Insp. Ken Poulsen, the officer-in-charge of the Thompson RCMP detachment, told council June 1 that eight organized crime figures have been arrested in the city over the last year as a result of the deployment of officers from the organized crime intelligence unit out of Winnipeg to Thompson during that period.

The Thompson RCMP detachment has a complement of about 45 officers with about 28 of them assigned to the urban area in town. On a weekend there are usually about 14 officers on duty in the city at night - made up of two seven-officer watches. Thompson had 38 officers on duty here in January 2007.

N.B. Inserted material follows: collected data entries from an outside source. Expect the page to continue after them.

(* Let $f\in C[0,1]$ satisfy $f(x)\neq0$ for all $x\in[0,1]$, and let $\alpha=\overline{\dim}_B G(f)$. Then for every $\beta\in[1,\alpha)$ there exist $g,h\in C[0,1]$ such that $$f=g\cdot h,\qquad \overline{\dim}_B G(g)=\alpha,\qquad \overline{\dim}_B G(h)=\beta.$$
   Context: $C[0,1]$ is the space of real-valued continuous functions on $[0,1]$; $G(h)=\{(x,h(x)):x\in[0,1]\}\subset\mathbb{R}^2$ is the graph of $h$; $g\cdot h$ is the pointwise product. For a nonempty bounded set $F$, $N_\delta(F)$ is the smallest number of sets of diameter at most $\delta$ covering $F$, and $\overline{\dim}_B F=\limsup_{\delta\to0}\frac{\log N_\delta(F)}{-\log\delta}$. *)

theory Defs
  imports "HOL-Analysis.Analysis"
begin

definition graph01 :: "(real \<Rightarrow> real) \<Rightarrow> (real \<times> real) set" where
  "graph01 h = {(x, h x) | x. x \<in> {0..1}}"

definition cover_number :: "real \<Rightarrow> 'a::metric_space set \<Rightarrow> nat" where
  "cover_number \<delta> F = (LEAST n. \<exists>C. finite C \<and> card C = n \<and> F \<subseteq> \<Union>C \<and>
       (\<forall>S\<in>C. bounded S \<and> diameter S \<le> \<delta>))"

definition upper_box_dim :: "'a::metric_space set \<Rightarrow> ereal" where
  "upper_box_dim F = Limsup (at_right 0)
     (\<lambda>\<delta>. ereal (ln (real (cover_number \<delta> F)) / (- ln \<delta>)))"

end

theory Submission
  imports Defs
begin

text \<open>Cutting [0,1] into columns of width w, the number of sets of diameter 2w needed to cover the
  graph of u is comparable to 1/w plus the sum over the columns of the oscillation of u divided
  by w. Oscillations behave subadditively: if |u x - u y| \<le> A |v x - v y| + B |t x - t y|, then the
  upper box dimension of the graph of u is at most the larger of those of v and t. For f = g h
  with h \<ge> 1 this applies to g = f / h and to f = g h, so dim G(g) \<le> max(dim G(f), dim G(h)) and
  dim G(f) \<le> max(dim G(g), dim G(h)); hence dim G(g) = dim G(f) whenever dim G(h) < dim G(f).
  Every continuous graph has dimension at most 2, so beta < 2. For beta = 1 take h = 1; otherwise
  take h = 1 + T with T x = sum_k 2^(-s k) tent(2^k x), s = 2 - beta: T is s-Hoelder, giving
  dim \<le> 2 - s, and its second differences on dyadic intervals of length 2^-n equal 2^(-s n), giving
  oscillation sums of size 2^(n(1-s)) and dim \<ge> 2 - s.\<close>

section \<open>Covering numbers and upper box dimension\<close>

lemma cover_number_le_card:
  assumes "finite C" "F \<subseteq> \<Union>C" "\<And>S. S \<in> C \<Longrightarrow> bounded S \<and> diameter S \<le> \<delta>"
  shows "cover_number \<delta> F \<le> card C"
  unfolding cover_number_def using assms by (intro Least_le) blast

lemma cover_number_attained:
  assumes "finite C" "F \<subseteq> \<Union>C" "\<And>S. S \<in> C \<Longrightarrow> bounded S \<and> diameter S \<le> \<delta>"
  obtains D where "finite D" "card D = cover_number \<delta> F" "F \<subseteq> \<Union>D"
    "\<And>S. S \<in> D \<Longrightarrow> bounded S \<and> diameter S \<le> \<delta>"
proof -
  have "\<exists>n C. finite C \<and> card C = n \<and> F \<subseteq> \<Union>C \<and> (\<forall>S\<in>C. bounded S \<and> diameter S \<le> \<delta>)"
    using assms by blast
  from LeastI_ex[OF this] show ?thesis
    using that unfolding cover_number_def by blast
qed

lemma interval_length_le_cover:
  fixes C :: "real set set"
  assumes "finite C" "{a..b} \<subseteq> \<Union>C" "\<And>S. S \<in> C \<Longrightarrow> bounded S \<and> diameter S \<le> d"
    and "a \<le> b" "0 \<le> d"
  shows "b - a \<le> 2 * d * card C"
proof -
  have "\<forall>S\<in>C. \<exists>c. S \<subseteq> {c - d..c + d}"
  proof
    fix S assume S: "S \<in> C"
    show "\<exists>c. S \<subseteq> {c - d..c + d}"
    proof (cases "S = {}")
      case False
      then obtain c where "c \<in> S" by blast
      then have "S \<subseteq> {c - d..c + d}"
        using diameter_bounded_bound[of S c] assms(3)[OF S] by (force simp: dist_real_def)
      then show ?thesis ..
    qed simp
  qed
  then obtain c where c: "\<And>S. S \<in> C \<Longrightarrow> S \<subseteq> {c S - d..c S + d}"
    by metis
  have "b - a = measure lborel {a..b}" using assms(4) by simp
  also have "\<dots> \<le> measure lborel (\<Union>S\<in>C. {c S - d..c S + d})"
  proof (rule measure_mono_fmeasurable)
    show "{a..b} \<subseteq> (\<Union>S\<in>C. {c S - d..c S + d})" using assms(2) c by blast
    show "(\<Union>S\<in>C. {c S - d..c S + d}) \<in> fmeasurable lborel"
      using assms(1) by (intro fmeasurable_compact compact_UN) auto
  qed simp
  also have "\<dots> \<le> (\<Sum>S\<in>C. measure lborel {c S - d..c S + d})"
    using assms(1) by (intro measure_UNION_le) auto
  also have "\<dots> = (\<Sum>S\<in>C. 2 * d)" using assms(5) by simp
  finally show ?thesis by (simp add: mult.commute)
qed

Paulsen, who arrived in Thompson in 2007, switched roles with Insp. Keith Finn April 1. Paulsen had been the assistant district officer in the Manitoba North District Office and is now in charge of the Thompson amalgamated detachment.

Finn is still in Thompson as the assistant district officer in the Manitoba North District Office with a jurisdictional area outside of Thompson from roughly the 53rd parallel Grand Rapids area in the south to the 60th parallel and Nunavut boundary in the north - and from the Ontario boundary in the east to Saskatchewan in the west.

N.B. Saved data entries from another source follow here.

lemma near_isometry_proj_fro_norm:
  fixes A :: "real mat"
  assumes A: "A \<in> carrier_mat m n"
  shows "(fro_norm (A - U * transpose_mat U * A))^2
      \<le> (fro_norm A)^2 - (1 - \<eta>) * (fro_norm (transpose_mat U * A))^2"
    and "(fro_norm (transpose_mat U * A))^2 \<le> (1 + \<eta>) * (fro_norm A)^2"
proof -
  let ?R = "A - U * transpose_mat U * A" and ?Y = "\<lambda>j. transpose_mat U *\<^sub>v col A j"
  have Ut: "transpose_mat U \<in> carrier_mat k m" using U_carrier by simp
  have UU: "U * transpose_mat U \<in> carrier_mat m m" using mult_carrier_mat[OF U_carrier Ut] .
  have UUA: "U * transpose_mat U * A \<in> carrier_mat m n" using mult_carrier_mat[OF UU A] .
  have UA: "transpose_mat U * A \<in> carrier_mat k n"
    using mult_carrier_mat[OF Ut A] .
  have a: "col A j \<in> carrier_vec m" if "j < n" for j using col_carrier_vec[OF that A] .
  have col_UA: "col (transpose_mat U * A) j = ?Y j" if "j < n" for j
    using col_mult2[OF Ut A that] .
  have col_res: "col ?R j = col A j - U *\<^sub>v ?Y j" if j: "j < n" for j
  proof -
    have "col ?R j = col A j - col (U * transpose_mat U * A) j"
      by (rule col_minus_mat[OF A UUA j])
    also have "col (U * transpose_mat U * A) j = U *\<^sub>v ?Y j"
      using col_mult2[OF UU A j] assoc_mult_mat_vec[OF U_carrier Ut a[OF j]]
      by simp
    finally show ?thesis .
  qed
  have "(fro_norm ?R)^2 = (\<Sum>j<n. col ?R j \<bullet> col ?R j)"
    by (rule fro_norm_sq_cols[OF minus_carrier_mat[OF UUA]])
  also have "\<dots> \<le> (\<Sum>j<n. col A j \<bullet> col A j - (1 - \<eta>) * (?Y j \<bullet> ?Y j))"
  proof (rule sum_mono)
    fix j assume "j \<in> {..<n}"
    thus "col ?R j \<bullet> col ?R j \<le> col A j \<bullet> col A j - (1 - \<eta>) * (?Y j \<bullet> ?Y j)"
      using near_isometry_residual(1)[OF a] col_res by simp
  qed
  also have "\<dots> = (fro_norm A)^2 - (1 - \<eta>) * (fro_norm (transpose_mat U * A))^2"
    unfolding fro_norm_sq_cols[OF A] fro_norm_sq_cols[OF UA]
    by (simp add: col_UA sum_subtractf sum_distrib_left)
  finally show "(fro_norm ?R)^2 \<le> (fro_norm A)^2 - (1 - \<eta>) * (fro_norm (transpose_mat U * A))^2" .
  have "(fro_norm (transpose_mat U * A))^2 = (\<Sum>j<n. ?Y j \<bullet> ?Y j)"
    unfolding fro_norm_sq_cols[OF UA] by (simp add: col_UA)
  also have "\<dots> \<le> (\<Sum>j<n. (1 + \<eta>) * (col A j \<bullet> col A j))"
    by (rule sum_mono) (use near_isometry_residual(2)[OF a] in simp)
  also have "\<dots> = (1 + \<eta>) * (fro_norm A)^2"
    unfolding fro_norm_sq_cols[OF A] by (simp add: sum_distrib_left)
  finally show "(fro_norm (transpose_mat U * A))^2 \<le> (1 + \<eta>) * (fro_norm A)^2" .
qed

end

section \<open>The perturbation argument\<close>

text \<open>The deterministic core of the theorem: \<open>Q\<close> plays the role of \<open>W\<^sup>T W\<close>, \<open>\<tau>\<close> of
  \<open>\<theta> \<parallel>A\<parallel>\<^sub>F\<^sup>2\<close> and \<open>b\<close> of \<open>\<sigma>\<^sub>m\<^sub>i\<^sub>n(A)\<^sup>2\<close>.\<close>
locale sketch_perturbation =
  fixes A UA VA S Vf Q :: "real mat" and m n r k p :: nat and sA s :: "nat \<Rightarrow> real"
    and \<tau> b :: real
  assumes A_carrier: "A \<in> carrier_mat m n"
    and UA_carrier: "UA \<in> carrier_mat m r" and VA_carrier: "VA \<in> carrier_mat n r"
    and UA_orth: "transpose_mat UA * UA = 1\<^sub>m r" and VA_orth: "transpose_mat VA * VA = 1\<^sub>m r"
    and A_svd: "A = UA * mat_diag r sA * transpose_mat VA"
    and sA_pos: "\<forall>l<r. 0 < sA l" and sA_sq_ge: "\<forall>l<r. b \<le> (sA l)^2"
    and k_pos: "1 \<le> k" and k_le_r: "k \<le> r" and k_le_p: "k \<le> p"
    and S_carrier: "S \<in> carrier_mat m p"
    and Vf_carrier: "Vf \<in> carrier_mat p p" and Vf_orth: "transpose_mat Vf * Vf = 1\<^sub>m p"
    and s_nonneg: "\<forall>l<p. 0 \<le> s l" and s_dec: "\<forall>a b. a \<le> b \<longrightarrow> b < p \<longrightarrow> s b \<le> s a"
    and Q_eq: "Q = Vf * mat_diag p (\<lambda>l. (s l)^2) * transpose_mat Vf"
    and left_gram_err: "fro_norm (A * transpose_mat A - S * transpose_mat S) \<le> \<tau>"
    and right_gram_err: "fro_norm (transpose_mat S * S - Q) \<le> \<tau>"
    and \<tau>_pos: "0 < \<tau>" and \<tau>_small: "8 * \<tau> \<le> b"
begin

abbreviation "M \<equiv> A * transpose_mat A"
abbreviation "E \<equiv> M - S * transpose_mat S"
abbreviation "D \<equiv> transpose_mat S * S - Q"

definition "\<beta> = \<tau> / b"

lemma b_pos: "0 < b" and \<beta>_pos: "0 < \<beta>" and \<beta>_le: "\<beta> \<le> 1 / 8" and \<beta>_mult_b: "\<beta> * b = \<tau>"
  using \<tau>_pos \<tau>_small unfolding \<beta>_def by (auto simp: field_simps)

lemma M_carrier: "M \<in> carrier_mat m m" and E_carrier: "E \<in> carrier_mat m m"
  and Q_carrier: "Q \<in> carrier_mat p p" and D_carrier: "D \<in> carrier_mat p p"
  using A_carrier S_carrier Vf_carrier unfolding Q_eq by auto

lemma M_eq: "M = UA * mat_diag r (\<lambda>l. (sA l)^2) * transpose_mat UA"
proof -
  have At: "transpose_mat A = VA * mat_diag r sA * transpose_mat UA"
    unfolding A_svd by (rule transpose_svd[OF UA_carrier VA_carrier])
  have "M = transpose_mat (transpose_mat A) * transpose_mat A" by simp
  thus ?thesis unfolding At by (simp only: gram_svd[OF VA_carrier UA_carrier VA_orth])
qed

lemma E_quad_form: "x \<in> carrier_vec m \<Longrightarrow> \<bar>x \<bullet> (E *\<^sub>v x)\<bar> \<le> \<tau> * (x \<bullet> x)"
  using quad_form_abs_le_fro_norm[OF E_carrier, of x] left_gram_err scalar_prod_self_nonneg[of x]
  by (meson mult_right_mono order_trans)

lemma E_mult_vec_sq: "x \<in> carrier_vec m \<Longrightarrow> (E *\<^sub>v x) \<bullet> (E *\<^sub>v x) \<le> \<tau>^2 * (x \<bullet> x)"
  using mult_vec_sq_le_fro_norm[OF E_carrier, of x] power_mono[OF left_gram_err fro_norm_nonneg]
    scalar_prod_self_nonneg[of x]
  by (meson mult_right_mono order_trans)

lemma D_quad_form: "x \<in> carrier_vec p \<Longrightarrow> \<bar>x \<bullet> (D *\<^sub>v x)\<bar> \<le> \<tau> * (x \<bullet> x)"
  using quad_form_abs_le_fro_norm[OF D_carrier, of x] right_gram_err scalar_prod_self_nonneg[of x]
  by (meson mult_right_mono order_trans)

lemma Q_quad_form: "x \<in> carrier_vec p \<Longrightarrow> x \<bullet> (Q *\<^sub>v x) = (\<Sum>l<p. (s l)^2 * (col Vf l \<bullet> x)^2)"
  unfolding Q_eq by (rule sandwich_quad_form[OF Vf_carrier])

lemma Q_quad_form_ge:
  assumes x: "x \<in> carrier_vec p"
  shows "(S *\<^sub>v x) \<bullet> (S *\<^sub>v x) - \<tau> * (x \<bullet> x) \<le> x \<bullet> (Q *\<^sub>v x)"
  using quad_form_minus[OF _ Q_carrier x, of "transpose_mat S * S"] quad_form_gram[OF S_carrier x]
    D_quad_form[OF x] S_carrier
  by (simp add: abs_le_iff)

text \<open>For \<open>y \<in> \<real>\<^sup>k\<close>, \<open>top_pre y = U\<^sub>k \<Sigma>\<^sub>k\<^sup>-\<^sup>1 y\<close> satisfies \<open>M (top_pre y) = U\<^sub>k \<Sigma>\<^sub>k y\<close>, so
  \<open>y \<mapsto> A\<^sup>T (top_pre y)\<close> is an isometry; its sketched counterpart \<open>top_sketch y\<close> is a
  near-isometry by (E1), which drives the lower bounds on the singular values of \<open>W\<close>.\<close>
definition "top_coords y = vec r (\<lambda>a. if a < k then y $ a / sA a else 0)"
definition "top_pre y = UA *\<^sub>v top_coords y"
definition "top_sketch y = transpose_mat S *\<^sub>v top_pre y"
definition "top_sketch_adj f = vec k (\<lambda>a. (col UA a \<bullet> (S *\<^sub>v f)) / sA a)"

lemma top_coords_carrier [simp]: "top_coords y \<in> carrier_vec r"
  and top_pre_carrier [simp]: "top_pre y \<in> carrier_vec m"
  and top_sketch_carrier [simp]: "top_sketch y \<in> carrier_vec p"
  and top_sketch_adj_carrier [simp]: "top_sketch_adj f \<in> carrier_vec k"
  unfolding top_coords_def top_pre_def top_sketch_def top_sketch_adj_def
  using UA_carrier S_carrier by auto

lemma top_pre_norm_le:
  assumes y: "y \<in> carrier_vec k"
  shows "top_pre y \<bullet> top_pre y \<le> (y \<bullet> y) / b"
proof -
  have "top_pre y \<bullet> top_pre y = top_coords y \<bullet> top_coords y"
    unfolding top_pre_def by (rule orthonormal_mult_vec_scalar_prod[OF UA_carrier UA_orth]) auto
  also have "\<dots> = (\<Sum>a<r. if a < k then (y $ a)^2 / (sA a)^2 else 0)"
    unfolding scalar_prod_self_eq_sum_sq top_coords_def by (auto intro!: sum.cong simp: power_divide)
  also have "\<dots> = (\<Sum>a<k. (y $ a)^2 / (sA a)^2)" by (rule sum_if_less_eq[OF k_le_r])
  also have "\<dots> \<le> (\<Sum>a<k. (y $ a)^2 / b)"
  proof (rule sum_mono)
    fix a assume "a \<in> {..<k}"
    hence "b \<le> (sA a)^2" using sA_sq_ge k_le_r by auto
    thus "(y $ a)^2 / (sA a)^2 \<le> (y $ a)^2 / b" using b_pos by (simp add: frac_le)
  qed
  also have "\<dots> = (y \<bullet> y) / b" using y by (simp add: scalar_prod_self_eq_sum_sq sum_divide_distrib)
  finally show ?thesis .
qed

lemma M_top_pre:
  assumes y: "y \<in> carrier_vec k"
  shows "M *\<^sub>v top_pre y = UA *\<^sub>v vec r (\<lambda>a. if a < k then sA a * y $ a else 0)"
proof -
  have "M *\<^sub>v top_pre y = UA *\<^sub>v vec r (\<lambda>a. (sA a)^2 * top_coords y $ a)"
    unfolding M_eq top_pre_def by (rule sandwich_mult_vec_orthonormal[OF UA_carrier UA_orth]) simp
  also have "vec r (\<lambda>a. (sA a)^2 * top_coords y $ a) = vec r (\<lambda>a. if a < k then sA a * y $ a else 0)"
    using sA_pos k_le_r unfolding top_coords_def by (intro eq_vecI) (auto simp: power2_eq_square)
  finally show ?thesis .
qed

Both Paulsen and Finn report to Supt. Dave Asp here in Thompson, the commanding district officer for the RCMP's 'D" Division Manitoba North District Office.

Johnston said that as a result of the province's tough line on how Thompson will be treated on gangs and drugs issues, the city may indeed have to give additional thought to how RCMP resources can be best deployed and at what costs under the municipality's policing contract with the federal police force.

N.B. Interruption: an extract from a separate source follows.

(* Let $\ell\ge2$, $r_0,\dots,r_\ell\ge1$ integers, $d_0,\dots,d_\ell$ integers with $d_V=\sum_kd_k=0$, and $\mathbf{g}\ge1$ an integer. For every real $c>\max_k\mu_k$ there is a real number $\Phi(c)>0$ with $\mathring{\mathfrak{F}}(c)=(\mu_0-\mu_1)\Phi(c)$, where $\mathring{\mathfrak{F}}(c)$ is defined in the context. In particular, if $\mathring{\mathfrak{F}}(c)>0$ then $\mu_0>\mu_1$.
   Context: $\mu_k=d_k/r_k$, $r_V=\sum_kr_k$, $\pi_R=\prod_k(r_k-1)!$. For $1\le j\ne k\le\ell$: $\alpha_0=\frac{\pi_R}{r_V!}(cr_V-d_V)$, $\alpha_j=\frac{\pi_R}{(r_V+1)!}r_j(c(r_V+1)-d_V-\mu_j)$, $\alpha_{jk}=\frac{\pi_R}{(r_V+2)!}r_jr_k(c(r_V+2)-d_V-\mu_j-\mu_k)$, $\alpha_{jj}=\frac{\pi_R}{(r_V+2)!}r_j(r_j+1)(c(r_V+2)-d_V-2\mu_j)$, $\beta_0=\frac{\pi_R}{(r_V-1)!}((r_V-1)r_Vc+2(1-\mathbf{g})-(r_V-1)d_V)$, $\beta_j=\frac{\pi_Rr_j}{r_V!}(r_V(r_V-1)c+2(1-\mathbf{g})-d_V(r_V-2)-r_V\mu_j)$. $A_{ij}=\alpha_{ij}-\alpha_i\alpha_j/\alpha_0$ for $2\le i,j\le\ell$ (invertible for $c>\max\mu_k$), and $\mathring{\mathfrak{F}}(c)=(\alpha_0\beta_1-\alpha_1\beta_0)-\sum_{j,r=2}^\ell(A^{-1})_{rj}(\alpha_0\beta_r-\alpha_r\beta_0)\big(\alpha_{j1}-\frac{\alpha_1\alpha_j}{\alpha_0}\big)$. (When $V_0=U_0/L$, $V_1=L$ arise from the test configuration of a subbundle $L$ of an indecomposable summand $U_0$ of $E$ over a curve of genus $\ge1$, normalized so that $\deg E=0$, $\mathring{\mathfrak{F}}(c)$ at $c=m$ is a positive multiple of the relative Donaldson–Futaki invariant for the polarization $\mathcal{O}(1)_{\mathbb{P}(E)}\otimes\mathcal{O}(m)_C$.) *)

theory Defs
  imports Complex_Main "Jordan_Normal_Form.Gauss_Jordan_Elimination"
begin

Next to about $9 million in wages for City of Thompson employees, the $3.508 million estimated cost of RCMP policing - roughly 31.5 per cent of salary totals expected this year for Thompson's civic employees - is by far the second largest outlay for the municipality by local taxpayers on an annual basis.

While the ranking of policing costs as the second most expensive item for the municipality after civic employees' wages and benefits has consistently remained in the same number two and number one slots respectively in recent years, the overall cost for both has increased inexorably.

For instance, just two and a half years ago - on Jan. 24, 2007, during budget deliberations for the 2007 budget - council projected civic employees' wages and benefits costs of $6.906 million and RCMP contract policing costs of $2. 834 million.

The overall budget has gone up from $18.082 million in 2005 to $18.381 in 2006 to $22.171 in 2007 to $24.537 million last year before being expected to hit a projected $25.497 million this year.

The city has long had a fractious relationship with the Manitoba Department of Justice, at least on some key issues. Persistent demands by various councils, going back more than 15 years under both NDP and Progressive Conservative governments for the province to build a remand centre in Thompson, have largely fallen on deaf ears. The nearest adult remand facility is The Pas Correctional Institution, about four hours away. Remanded youth are sometimes transported to Thompson from as far away as Winnipeg, 750 kilometres to the south.

Chomiak's visit to Thompson last Nov. 17 to meet "with community representatives" as well as Johnston and other councillors, as well as attending "a lunch meeting with community leaders interested in public safety and justice issues," according to Valdine Flaming, the city's communications officer, turned into something of a post-visit debacle.

It was discovered that even though it was national Restorative Justice Week, local Northern Restorative Justice (NRJ) board members here, as well as local media representatives, and some others working on justice issues in the community, had not been informed of the attorney general's visit until after it was over when the city sent out a news release. The city blamed the province, saying it was up to them to have publicized the visit, while the province declined to pinpoint blame but acknowledged there had been a communications mix-up with the City of Thompson.

"The city believes that discussion provided the minister with a better understanding of Thompson," Johnston said in the news release two days after Chomiak's visit. "We look forward to increased partnership with the provincial Department of Justice."